Fig. 3. A temperature control system in dSL

Code inside a WHEN (the instruction inside its body and the condition) is forced *atomic*, and must therefore be local to a given site. *Sequential* code is defined through the use of the SEQUENCE construct. The code inside a METHOD can be either *atomic* or *sequential* depending on the context in which it is called. If a METHOD can be reached from a WHEN, then the body of this METHOD is assumed to be atomic. It is assumed *sequential* otherwise. To relax the *atomic* constraints in a WHEN, two mechanisms have been defined (see figure 3) :

- The LAUNCH keyword allowing to call a SEQUENCE or a METHOD asynchronously (i.e without waiting for the control to return from the SEQUENCE or the METHOD), and possibly on a distant site. Note that a SEQUENCE can only be called asynchronously (using LAUNCH) and that it cannot have more than one instance executed simultaneously.
- The "~" operator allowing to reference the last locally known value of a variable possibly on a distant site. When the value of a variable is changed on the site governing it, its new value is sent to all necessary sites. One must be careful with *tilded* variables since it is never guaranteed that the value of the *tilded* variables corresponds to the real value of the variable. It can be interesting to use if the exact value is not imperative (e.g. temperature which evolves slowly), or if the program is built such that it is known that the *tilded* value is equal to the real one (e.g. using a procedure for explicit synchronization). A site that has a tilded copy of x, regularly checks if the site owning x is still alive. If not, the copy is set to unknown, indicating hardware or network failure.

dSL example. To illustrate the dSL concepts, let us examine a small example of a temperature control system. In this system, a temperature sensor is linked to an input variable temperature. A heater is turned on (off) if the temperature is below  $0^{\circ}$  (above  $20^{\circ}$ ). The state of the heater (on/off) is controlled by the output variable heater.state. Moreover, there are two indicators on a control panel. The first indicator, (linked to the output variable led) is used to indicate

the state of the heater, and the second (linked to the input variable alarm) is updated when the heater has been turned on a certain number of times. An additional variable fuel\_cost estimates the amount of fuel consumed by the heater. The dSL program is presented in figure 3.

#### 4 The dSL semantics

In this section, we introduce the dSL semantics, concentrating on the distributed aspect of the language. We therefore skip a complete and formal review of well known program issues like method call, control flow, expression evaluation and the limited object oriented features.
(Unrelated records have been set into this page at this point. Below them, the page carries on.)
lemma soft_covering_bound_tendsto_0:
  assumes "L > 0" and \<gamma>: "filterlim (\<lambda>n. \<gamma> n * sqrt (real n)) at_top sequentially"
  shows "(\<lambda>n. soft_covering_bound L (\<gamma> n) n) \<longlonglongrightarrow> 0"
proof -
  have sqrt: "filterlim (\<lambda>n. sqrt (real n)) at_top sequentially"
    by (rule filterlim_compose[OF sqrt_at_top filterlim_real_sequentially])
  have "(\<lambda>n. (ln 2 * \<gamma> n)\<^sup>2 / (8 * L\<^sup>2) * n) = (\<lambda>n. (ln 2)\<^sup>2 / (8 * L\<^sup>2) * (\<gamma> n * sqrt n)\<^sup>2)"
    by (simp add: fun_eq_iff power_mult_distrib)
  moreover have "filterlim (\<lambda>n. (ln 2)\<^sup>2 / (8 * L\<^sup>2) * (\<gamma> n * sqrt n)\<^sup>2) at_top sequentially"
    using assms(1)
    by (intro filterlim_tendsto_pos_mult_at_top[OF tendsto_const] filterlim_pow_at_top \<gamma>) auto
  ultimately have first: "filterlim (\<lambda>n. (ln 2 * \<gamma> n)\<^sup>2 / (8 * L\<^sup>2) * n) at_top sequentially"
    by simp
  have "(\<lambda>n. ln 2 * \<gamma> n / 4 * n) = (\<lambda>n. ln 2 / 4 * (sqrt n * (\<gamma> n * sqrt n)))"
    by (simp add: fun_eq_iff)
  moreover have "filterlim (\<lambda>n. ln 2 / 4 * (sqrt n * (\<gamma> n * sqrt n))) at_top sequentially"
    by (intro filterlim_tendsto_pos_mult_at_top[OF tendsto_const]
        filterlim_at_top_mult_at_top sqrt \<gamma>) simp
  ultimately have second: "filterlim (\<lambda>n. ln 2 * \<gamma> n / 4 * n) at_top sequentially"
    by simp
  show ?thesis
    unfolding soft_covering_bound_def by (intro tendsto_add_zero exp_neg_tendsto_0 first second)
qed

lemma soft_covering_bound_exponential:
  assumes "L > 0" "g > 0"
  obtains a where "a > 0" "\<And>n. soft_covering_bound L g n \<le> 2 * exp (- a * real n)"
proof
  define a where "a = min ((ln 2 * g)\<^sup>2 / (8 * L\<^sup>2)) (ln 2 * g / 4)"
  show "a > 0" using assms by (simp add: a_def)
  have mono: "exp (- (c * n)) \<le> exp (- a * n)" if "a \<le> c" for c and n :: nat
    using that by (simp add: mult_right_mono)
  show "soft_covering_bound L g n \<le> 2 * exp (- a * real n)" for n
    using add_mono[OF mono[of "(ln 2 * g)\<^sup>2 / (8 * L\<^sup>2)" n] mono[of "ln 2 * g / 4" n]]
    by (simp add: soft_covering_bound_def a_def)
qed
lemma grid_Suc_cases_regular:
  assumes reg: "grid_regular n" and n: "1 \<le> n" and l: "l < 2 ^ Suc n"
  obtains (left) k where "k < 2 ^ n" "l = 2 * k"
      "grid (Suc n) l = grid n k" "grid (Suc n) (Suc l) = cond_mean (sba_interval n k)"
    | (right) k where "k < 2 ^ n" "l = 2 * k + 1"
      "grid (Suc n) l = cond_mean (sba_interval n k)" "grid (Suc n) (Suc l) = grid n (Suc k)"
proof -
  obtain k where "l = 2 * k \<or> l = 2 * k + 1" by (metis oddE evenE)
  then show thesis
  proof
    assume lk: "l = 2 * k"
    then have k: "k < 2 ^ n" using l by simp
    show thesis
      using left[OF k lk] lk grid_Suc_even_regular[OF reg n] grid_Suc_odd_regular(2)[OF reg n k] k
      by simp
  next
    assume lk: "l = 2 * k + 1"
    then have k: "k < 2 ^ n" using l by simp
    show thesis
      using right[OF k lk] lk grid_Suc_even_regular[OF reg n, of "Suc k"] grid_Suc_odd_regular(2)[OF reg n k] k
      by simp
  qed
qed
lemma is_period_mult: "is_period \<phi> s \<Longrightarrow> is_period \<phi> (s * m)"
  by (induction m) (auto simp: is_period_def is_period_add[unfolded is_period_def] add.commute)

lemma is_period_diff:
  assumes "is_period \<phi> s" "is_period \<phi> t" "t \<le> s"
  shows "is_period \<phi> (s - t)"
  unfolding is_period_def
proof
  fix j
  have "\<phi> (j + (s - t)) = \<phi> (j + (s - t) + t)"
    using assms(2) by (simp add: is_period_def)
  also have "\<dots> = \<phi> j"
    using assms(1,3) by (simp add: is_period_def)
  finally show "\<phi> (j + (s - t)) = \<phi> j" .
qed

lemma is_period_gcd:
  assumes s: "is_period \<phi> s" and t: "is_period \<phi> t"
  shows "is_period \<phi> (gcd s t)"
proof (cases "s = 0")
  case True
  then show ?thesis using t by simp
next
  case False
  then obtain x y where xy: "s * x = t * y + gcd s t"
    using bezout_nat by blast
  then have "is_period \<phi> (s * x - t * y)"
    by (intro is_period_diff is_period_mult s t) simp
  then show ?thesis
    using xy by simp
qed

lemma is_period_Gcd:
  assumes "finite A" and "\<And>s. s \<in> A \<Longrightarrow> is_period \<phi> s"
  shows "is_period \<phi> (Gcd A)"
  using assms
  by (induction A rule: finite_induct) (auto simp: is_period_gcd, simp add: is_period_def)

lemma gbinomial_real_nonneg:
  fixes x :: real
  assumes "real K - 1 \<le> x"
  shows "0 \<le> x gchoose K"
  unfolding gbinomial_prod_rev using assms by (intro divide_nonneg_pos prod_nonneg) auto
(* Let $\mu\in P(\mathbb{R})$ be a measure that is not a Dirac measure, and write $N_\mu=(\mathbb{R}\setminus\operatorname{conv}(C_\mu))\cup\bigcup_{j} I_j$, where the $I_j$ are the bounded connected components of $N_\mu$ (a disjoint union; the union of the unbounded components of $N_\mu$ equals $\mathbb{R}\setminus\operatorname{conv}(C_\mu)$). Then $$\{\mu\}^1\setminus\Delta=\{\nu\in P(\mathbb{R})\setminus\Delta : \nu(\mathbb{R}\setminus\operatorname{conv}(C_\mu))=1\}\ \cup\ \bigcup_{j}\{\nu\in P(\mathbb{R})\setminus\Delta : \nu(I_j)=1\}.$$
   Context: $P(\mathbb{R})$ is the set of Borel probability measures on $\mathbb{R}$ with the Kuiper distance $d_{Ku}(\mu,\nu)=\sup\{|\mu(I)-\nu(I)| : I\text{ a non-degenerate interval}\}$. $\Delta$ is the set of Dirac measures $\delta_x$ ($x\in\mathbb{R}$). $\{\mu\}^1=\{\nu\in P(\mathbb{R}) : d_{Ku}(\mu,\nu)=1\}$. $N_\mu$ is the union of all non-degenerate intervals $I$ with $\mu(I)=0$, and $C_\mu=\mathbb{R}\setminus N_\mu$ (the co-interval support). $\operatorname{conv}$ denotes convex hull. *)

theory Defs
  imports "HOL-Probability.Probability"
begin

definition Prob_R :: "real measure set" where
  "Prob_R = {M. prob_space M \<and> sets M = sets (borel :: real measure)}"

definition Dirac_set :: "real measure set" where
  "Dirac_set = {return borel x | x :: real. True}"

definition nondeg_interval :: "real set \<Rightarrow> bool" where
  "nondeg_interval I \<longleftrightarrow> is_interval I \<and> (\<exists>a b. a \<in> I \<and> b \<in> I \<and> a < b)"

definition d_Ku :: "real measure \<Rightarrow> real measure \<Rightarrow> real" where
  "d_Ku \<mu> \<nu> = (SUP I \<in> {I. nondeg_interval I}. \<bar>measure \<mu> I - measure \<nu> I\<bar>)"

definition unit_sphere_Ku :: "real measure \<Rightarrow> real measure set" where
  "unit_sphere_Ku \<mu> = {\<nu> \<in> Prob_R. d_Ku \<mu> \<nu> = 1}"

definition N_set :: "real measure \<Rightarrow> real set" where
  "N_set \<mu> = \<Union> {I. nondeg_interval I \<and> measure \<mu> I = 0}"

definition C_set :: "real measure \<Rightarrow> real set" where
  "C_set \<mu> = UNIV - N_set \<mu>"

end

theory Submission
  imports Defs
begin

text \<open>The set N_set \<mu> is \<mu>-null, since it is covered by countably many null intervals reaching
from a point to a rational; hence \<mu> lives on C_set \<mu> and on its convex hull. If d_Ku \<mu> \<nu> = 1,
there are intervals almost full for one measure and almost empty for the other. If they are almost
full for \<nu>, Borel-Cantelli along intervals with defects 2^-n makes their liminf a \<mu>-null interval
carrying all of \<nu>; it lies in a component of N_set \<mu>, which is either bounded or outside the convex
hull of C_set \<mu>. If they are almost full for \<mu>, they eventually contain any two points of
C_set \<mu>, so \<nu> vanishes on the convex hull. Conversely, each described \<nu> is singular to \<mu> on a
non-degenerate interval.\<close>

lemma Prob_R_D:
  assumes "M \<in> Prob_R"
  shows "prob_space M" "sets M = sets borel" "space M = UNIV"
  using assms unfolding Prob_R_def by (auto dest: sets_eq_imp_space_eq)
The behavior of a dSL program depends on the localization of its variables. Our goal is to describe the semantics of a dSL program independently from any localization information. For that, we introduce the notion of *maximal distribution*, which expresses the most permissive way to distribute a dSL program. The semantics of a dSL program is then defined by the set of all behaviors of its *maximal distribution*.

Maximal distribution. The maximal distribution is deduced from the locality constraints imposed on global variables by the *atomic* code, e.g (1) two global variables appearing in the same instruction and (2) two global variables accessed by the same WHEN must be governed by the same site. This defines a partition of the set of variables where each subset of the partition corresponds to an execution site. A formal description of how to find the maximal distribution can be found in appendix B.
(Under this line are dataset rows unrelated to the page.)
lemma eventually_thickened_filter:
  "eventually Q (thickened_filter A B F) \<longleftrightarrow>
    (\<exists>X. eventually (\<lambda>x. x \<in> X) F \<and> (\<forall>z\<in>(X + B) \<inter> A. Q z))"
  (is "?lhs \<longleftrightarrow> ?rhs")
proof
  assume ?lhs
  then obtain Pf Pg where "eventually Pf F" "\<forall>b\<in>B. Pg b"
      "\<forall>x b. Pf x \<longrightarrow> Pg b \<longrightarrow> x + b \<in> A \<longrightarrow> Q (x + b)"
    unfolding thickened_filter_def eventually_inf_principal eventually_filtermap
      eventually_prod_filter eventually_principal by auto
  then show ?rhs
    by (intro exI[of _ "Collect Pf"]) (auto elim!: set_plus_elim)
next
  assume ?rhs
  then obtain X where "eventually (\<lambda>x. x \<in> X) F" "\<forall>z\<in>(X + B) \<inter> A. Q z"
    by blast
  then show ?lhs
    unfolding thickened_filter_def eventually_inf_principal eventually_filtermap
      eventually_prod_filter eventually_principal
    by (intro exI[of _ "\<lambda>x. x \<in> X"] exI[of _ "\<lambda>b. b \<in> B"]) auto
qed

context nonarch_module
begin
**Process behavior.** The behavior of a dSL program P in its maximal distribution is given by

$$P_1 \parallel \ldots \parallel P_n$$

where each  $P_i$  is an independent process executing the part of code of P handling all the variables local to site i. These processes communicate through FIFOchannels between each pair of processes. We will note  $F_{i,j}$  the FIFO-channels used from a process  $P_i$  to another process  $P_j$ .
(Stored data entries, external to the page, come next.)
(* Let $\langle M,\mathsf{S}\rangle$ be a sum structure. Then for all $x\in M$ and $X\subseteq M$: $x\,\mathsf{S}\,X$ if and only if $x\,\mathsf{S}_{\sqsubseteq_{\mathsf{S}}}\,X$.
   Context: For a set $M$ and a relation $\mathsf{S}\subseteq M\times\mathcal{P}(M)$ define: $x\sqsubseteq_{\mathsf{S}} y$ iff there is $X\subseteq M$ with $y\,\mathsf{S}\,X$ and $x\in X$; $\mathrm{I}(x)=\{y\in M\mid y\sqsubseteq_{\mathsf{S}} x\}$ and for $A\subseteq M$, $\mathrm{I}(A)=\bigcup_{a\in A}\mathrm{I}(a)$; $x$ s-overlaps $y$ iff there are $X,Y\subseteq M$ with $x\,\mathsf{S}\,X$, $y\,\mathsf{S}\,Y$, $X\cap Y\neq\emptyset$; a set $A\subseteq M$ is pre-dense in $B\subseteq M$ iff for every $b\in B$ there is $a\in A$ such that $a$ s-overlaps $b$. Overlap w.r.t. $\sqsubseteq_{\mathsf{S}}$: $x\circ y$ iff there is $z\in M$ with $z\sqsubseteq_{\mathsf{S}} x$ and $z\sqsubseteq_{\mathsf{S}} y$. The induced sum: $x\,\mathsf{S}_{\sqsubseteq_{\mathsf{S}}}\,X$ iff every $y\in X$ satisfies $y\sqsubseteq_{\mathsf{S}} x$, and for every $z\in M$ with $z\sqsubseteq_{\mathsf{S}} x$ there is $y\in X$ with $y\circ z$. A sum structure is a pair $\langle M,\mathsf{S}\rangle$ satisfying: (S1) for every non-empty $X\subseteq M$ there is $x\in M$ with $x\,\mathsf{S}\,X$; (S2) $x\,\mathsf{S}\,X\wedge y\,\mathsf{S}\,X\to x=y$; (S3) $x\,\mathsf{S}\,X\wedge y\,\mathsf{S}\,Y\wedge x\in Y\to y\,\mathsf{S}\,(X\cup Y)$; (S4) if $x\,\mathsf{S}\,X$, $x\,\mathsf{S}\,Y$ and $y\in Y$, then there are $z\in X$ and $Z,U\subseteq M$ with $z\,\mathsf{S}\,Z$, $y\,\mathsf{S}\,U$ and $Z\cap U\neq\emptyset$; (S5) for all $x\in M$ and $X\subseteq M$: if $X$ is pre-dense in $\mathrm{I}(x)$ then $x\,\mathsf{S}\,(\mathrm{I}(x)\cap\mathrm{I}(X))$. *)

theory Defs
  imports Main
begin

(* A relation S \<subseteq> M \<times> P(M) is represented as a predicate S :: 'a \<Rightarrow> 'a set \<Rightarrow> bool;
   only pairs with x \<in> M and X \<subseteq> M are considered (enforced by sum_structure). *)

definition sle :: "'a set \<Rightarrow> ('a \<Rightarrow> 'a set \<Rightarrow> bool) \<Rightarrow> 'a \<Rightarrow> 'a \<Rightarrow> bool" where
  "sle M S x y \<longleftrightarrow> (\<exists>X. X \<subseteq> M \<and> S y X \<and> x \<in> X)"

definition Ipt :: "'a set \<Rightarrow> ('a \<Rightarrow> 'a set \<Rightarrow> bool) \<Rightarrow> 'a \<Rightarrow> 'a set" where
  "Ipt M S x = {y \<in> M. sle M S y x}"

definition Iset :: "'a set \<Rightarrow> ('a \<Rightarrow> 'a set \<Rightarrow> bool) \<Rightarrow> 'a set \<Rightarrow> 'a set" where
  "Iset M S A = (\<Union>a\<in>A. Ipt M S a)"

definition soverlaps :: "'a set \<Rightarrow> ('a \<Rightarrow> 'a set \<Rightarrow> bool) \<Rightarrow> 'a \<Rightarrow> 'a \<Rightarrow> bool" where
  "soverlaps M S x y \<longleftrightarrow> (\<exists>X Y. X \<subseteq> M \<and> Y \<subseteq> M \<and> S x X \<and> S y Y \<and> X \<inter> Y \<noteq> {})"

definition predense :: "'a set \<Rightarrow> ('a \<Rightarrow> 'a set \<Rightarrow> bool) \<Rightarrow> 'a set \<Rightarrow> 'a set \<Rightarrow> bool" where
  "predense M S A B \<longleftrightarrow> (\<forall>b\<in>B. \<exists>a\<in>A. soverlaps M S a b)"

definition ovl :: "'a set \<Rightarrow> ('a \<Rightarrow> 'a set \<Rightarrow> bool) \<Rightarrow> 'a \<Rightarrow> 'a \<Rightarrow> bool" where
  "ovl M S x y \<longleftrightarrow> (\<exists>z\<in>M. sle M S z x \<and> sle M S z y)"

definition induced_sum :: "'a set \<Rightarrow> ('a \<Rightarrow> 'a set \<Rightarrow> bool) \<Rightarrow> 'a \<Rightarrow> 'a set \<Rightarrow> bool" where
  "induced_sum M S x X \<longleftrightarrow>
     (\<forall>y\<in>X. sle M S y x) \<and> (\<forall>z\<in>M. sle M S z x \<longrightarrow> (\<exists>y\<in>X. ovl M S y z))"

definition sum_structure :: "'a set \<Rightarrow> ('a \<Rightarrow> 'a set \<Rightarrow> bool) \<Rightarrow> bool" where
  "sum_structure M S \<longleftrightarrow>
     (\<forall>x X. S x X \<longrightarrow> x \<in> M \<and> X \<subseteq> M) \<and>
     (\<forall>X. X \<subseteq> M \<and> X \<noteq> {} \<longrightarrow> (\<exists>x\<in>M. S x X)) \<and>
     (\<forall>x y X. S x X \<and> S y X \<longrightarrow> x = y) \<and>
     (\<forall>x y X Y. S x X \<and> S y Y \<and> x \<in> Y \<longrightarrow> S y (X \<union> Y)) \<and>
     (\<forall>x y X Y. S x X \<and> S x Y \<and> y \<in> Y \<longrightarrow>
        (\<exists>z\<in>X. \<exists>Z U. Z \<subseteq> M \<and> U \<subseteq> M \<and> S z Z \<and> S y U \<and> Z \<inter> U \<noteq> {})) \<and>
     (\<forall>x\<in>M. \<forall>X. X \<subseteq> M \<and> predense M S X (Ipt M S x) \<longrightarrow>
        S x (Ipt M S x \<inter> Iset M S X))"

end

theory Submission
  imports Defs
begin

text \<open>
  By (S4) every sum \<open>x\<close> of \<open>X\<close> is an upper bound of \<open>X\<close> in which \<open>X\<close> is pre-dense, and by
  (S5), with transitivity of \<open>\<sqsubseteq>\<^sub>S\<close> from (S3), every such bound is a sum of \<open>I(X)\<close>.
  So if \<open>X \<noteq> {}\<close> has a sum \<open>v\<close> by (S1), any such bound is a sum of \<open>I(X)\<close> together with \<open>v\<close>
  and equals \<open>v\<close> by (S2): sums are exactly the pre-dense upper bounds. The induced-sum
  condition expresses the same, once \<open>\<sqsubseteq>\<^sub>S\<close> is known to be reflexive (forcing
  \<open>X \<noteq> {}\<close>); reflexivity, i.e. \<open>x S {x}\<close>, follows from the same uniqueness argument for \<open>{x}\<close>.
\<close>

lemma ovl_imp_soverlaps: "ovl M S x y \<Longrightarrow> soverlaps M S x y"
  unfolding ovl_def soverlaps_def sle_def by blast

lemma soverlaps_imp_ovl: "soverlaps M S x y \<Longrightarrow> ovl M S x y"
  unfolding ovl_def soverlaps_def sle_def by blast

context
  fixes M :: "'a set" and S :: "'a \<Rightarrow> 'a set \<Rightarrow> bool"
  assumes ss: "sum_structure M S"
begin

lemma sum_carrier: "S x X \<Longrightarrow> x \<in> M \<and> X \<subseteq> M"
  using ss unfolding sum_structure_def by metis

lemma sum_exists: "X \<subseteq> M \<Longrightarrow> X \<noteq> {} \<Longrightarrow> \<exists>x\<in>M. S x X"
  using ss unfolding sum_structure_def by metis

lemma sum_unique: "S x X \<Longrightarrow> S y X \<Longrightarrow> x = y"
  using ss unfolding sum_structure_def by metis

lemma sum_union: "S x X \<Longrightarrow> S y Y \<Longrightarrow> x \<in> Y \<Longrightarrow> S y (X \<union> Y)"
  using ss unfolding sum_structure_def by metis

lemma sum_overlap:
  "S x X \<Longrightarrow> S x Y \<Longrightarrow> y \<in> Y \<Longrightarrow>
    \<exists>z\<in>X. \<exists>Z U. Z \<subseteq> M \<and> U \<subseteq> M \<and> S z Z \<and> S y U \<and> Z \<inter> U \<noteq> {}"
  using ss unfolding sum_structure_def by (elim conjE) ((drule spec)+, erule mp, blast)

lemma sum_Ipt_Iset:
  "x \<in> M \<Longrightarrow> X \<subseteq> M \<Longrightarrow> predense M S X (Ipt M S x) \<Longrightarrow> S x (Ipt M S x \<inter> Iset M S X)"
  using ss unfolding sum_structure_def
  by (elim conjE) (drule bspec, assumption, drule spec, erule mp, blast)

lemma sle_trans:
  assumes "sle M S a b" "sle M S b c"
  shows "sle M S a c"
proof -
  from assms(1) obtain B where B: "S b B" "a \<in> B" unfolding sle_def by blast
  from assms(2) obtain C where C: "S c C" "b \<in> C" unfolding sle_def by blast
  have "S c (B \<union> C)" using sum_union[OF B(1) C] .
  then show ?thesis unfolding sle_def using B(2) sum_carrier by blast
qed

lemma Ipt_mono: "sle M S x y \<Longrightarrow> Ipt M S x \<subseteq> Ipt M S y"
  using sle_trans unfolding Ipt_def by blast

lemma Iset_subset_Ipt: "\<forall>y\<in>X. sle M S y x \<Longrightarrow> Iset M S X \<subseteq> Ipt M S x"
  using Ipt_mono unfolding Iset_def by blast

lemma sum_upper: "S x X \<Longrightarrow> y \<in> X \<Longrightarrow> sle M S y x"
  using sum_carrier unfolding sle_def by blast

lemma sum_predense:
  assumes "S x X"
  shows "predense M S X (Ipt M S x)"
  unfolding predense_def
proof
  fix b assume "b \<in> Ipt M S x"
  then obtain B where "S x B" "b \<in> B" unfolding Ipt_def sle_def by blast
  then show "\<exists>a\<in>X. soverlaps M S a b"
    using sum_overlap[OF assms] unfolding soverlaps_def by blast
qed

lemma sum_Iset:
  assumes "x \<in> M" "X \<subseteq> M" "\<forall>y\<in>X. sle M S y x" "predense M S X (Ipt M S x)"
  shows "S x (Iset M S X)"
  using sum_Ipt_Iset[OF assms(1,2,4)] Iset_subset_Ipt[OF assms(3)] by (simp add: Int_absorb1)

lemma sum_Iset_of_sum:
  assumes "S x X"
  shows "S x (Iset M S X)"
  using sum_carrier[OF assms] sum_upper[OF assms] sum_predense[OF assms] by (simp add: sum_Iset)

lemma sum_singleton:
  assumes x: "x \<in> M"
  shows "S x {x}"
proof -
  obtain w where w: "S w {x}" using sum_exists[of "{x}"] x by blast
  have I: "Iset M S {x} = Ipt M S x" unfolding Iset_def by simp
  have Sw: "S w (Ipt M S x)" using sum_Iset_of_sum[OF w] unfolding I .
  have "Ipt M S x \<subseteq> Ipt M S w" using Ipt_mono[OF sum_upper[OF w singletonI]] .
  then have "predense M S {x} (Ipt M S x)"
    using sum_predense[OF w] unfolding predense_def by (meson subsetD)
  then have "S x (Ipt M S x \<inter> Iset M S {x})" using sum_Ipt_Iset[OF x] x by blast
  then have "S x (Ipt M S x)" unfolding I by simp
  then have "x = w" using Sw by (rule sum_unique)
  then show ?thesis using w by simp
qed

lemma sle_refl: "x \<in> M \<Longrightarrow> sle M S x x"
  using sum_singleton unfolding sle_def by blast

lemma sum_of_predense_upper_bound:
  assumes "x \<in> M" "X \<subseteq> M" "X \<noteq> {}" "\<forall>y\<in>X. sle M S y x" "predense M S X (Ipt M S x)"
  shows "S x X"
proof -
  obtain v where v: "S v X" using sum_exists assms(2,3) by blast
  have "S x (Iset M S X)" using sum_Iset assms(1,2,4,5) .
  moreover have "S v (Iset M S X)" using sum_Iset_of_sum[OF v] .
  ultimately have "x = v" by (rule sum_unique)
  then show ?thesis using v by simp
qed

lemma sum_imp_induced_sum:
  assumes "S x X"
  shows "induced_sum M S x X"
  unfolding induced_sum_def
proof (intro conjI ballI impI)
  fix y assume "y \<in> X" then show "sle M S y x" using sum_upper assms by blast
next
  fix z assume "sle M S z x"
  then have "z \<in> Ipt M S x" using sum_carrier unfolding Ipt_def sle_def by blast
  then show "\<exists>y\<in>X. ovl M S y z"
    using sum_predense[OF assms] soverlaps_imp_ovl unfolding predense_def by metis
qed

lemma induced_sum_imp_sum:
  assumes x: "x \<in> M" and X: "X \<subseteq> M" and ind: "induced_sum M S x X"
  shows "S x X"
proof (rule sum_of_predense_upper_bound[OF x X])
  show le: "\<forall>y\<in>X. sle M S y x" using ind unfolding induced_sum_def by blast
  have cov: "\<forall>z\<in>M. sle M S z x \<longrightarrow> (\<exists>y\<in>X. ovl M S y z)"
    using ind unfolding induced_sum_def by blast
  then show "X \<noteq> {}" using sle_refl x by blast
  show "predense M S X (Ipt M S x)"
    using cov ovl_imp_soverlaps unfolding predense_def Ipt_def by (metis (no_types, lifting) mem_Collect_eq)
qed

end

theorem theorem3p12:
  fixes M :: "'a set" and S :: "'a \<Rightarrow> 'a set \<Rightarrow> bool"
  assumes "sum_structure M S"
  shows "\<forall>x\<in>M. \<forall>X. X \<subseteq> M \<longrightarrow> (S x X \<longleftrightarrow> induced_sum M S x X)"
  using sum_imp_induced_sum[OF assms] induced_sum_imp_sum[OF assms] by blast

end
Every process  $P_i$  is an infinite loop. Each cycle (i.e iteration) is composed of three phases: (1) the input phase, where each physical input is sampled and where the variables linked to those inputs are updated, (2) the process phase where the necessary WHENs are triggered and where the messages from other execution site are processed and (3) the output phase where the physical outputs are updated according to the variable they are linked to. The pseudo-code for this *input-process-output* cycle is given by :

//input phase: for each  $v_{in} \in P_i$  linked to an input do  $v_{in} \leftarrow v_{in}^*$  done //process phase: for each  $w \in W \cdot Var_W(w) \subseteq P_i$  do process w done for each  $j \in \{1, 2..., i - 1, i + 1, ..., n\}$  do process messages from  $F_{j,i}$  done //output phase: for each  $v_{out} \in P_i$  linked to an output do  $v_{out}^* \leftarrow v_{out}$  done where  $v_{in}^*$   $(v_{out}^*)$  denotes the hardware value of the variable  $v_{in}$   $(v_{out})$ ,  $\mathcal{W}$  the set of WHENS, and  $Var_{\mathcal{W}}(w)$  the set of variables accessed by when w (for more details see appendix B).

Processing WHENs. To each WHEN, we associate a hidden variable  $v_w$  keeping the previous value of the condition. This allows to trigger w of the form "WHEN" cond "THEN" instruction\_list "END\_WHEN" only when the condition switched from false to true. Note that the WHENs are processed in their order of appearance in the dSL program. The pseudo code for the execution of w is :

if  $cond \land \neg v_w$  then  $v_w \leftarrow true$ ; execute instruction\_list else  $v_w \leftarrow cond$  fi

Processing Messages. Conceptually, there are two types of messages: (1) messages concerning the update of *tilded* variables and (2) messages concerning the remote execution of *sequential* code. The first kind of message is of the form  $(v, new\_value)$ . Processing such a message simply consists in assigning this *new\\_value* to the local copy of v (see Assignment hereafter). The second kind of message, corresponding to the LAUNCH or continuation of *sequential code*, is simply a *label*. Indeed, when a process must execute remote code, it posts a message with the label corresponding to the first instruction of that code to the governing site. Processing such a message consists of the execution of the code associated with that *label*, until it reaches the end of that code or is migrated to another site.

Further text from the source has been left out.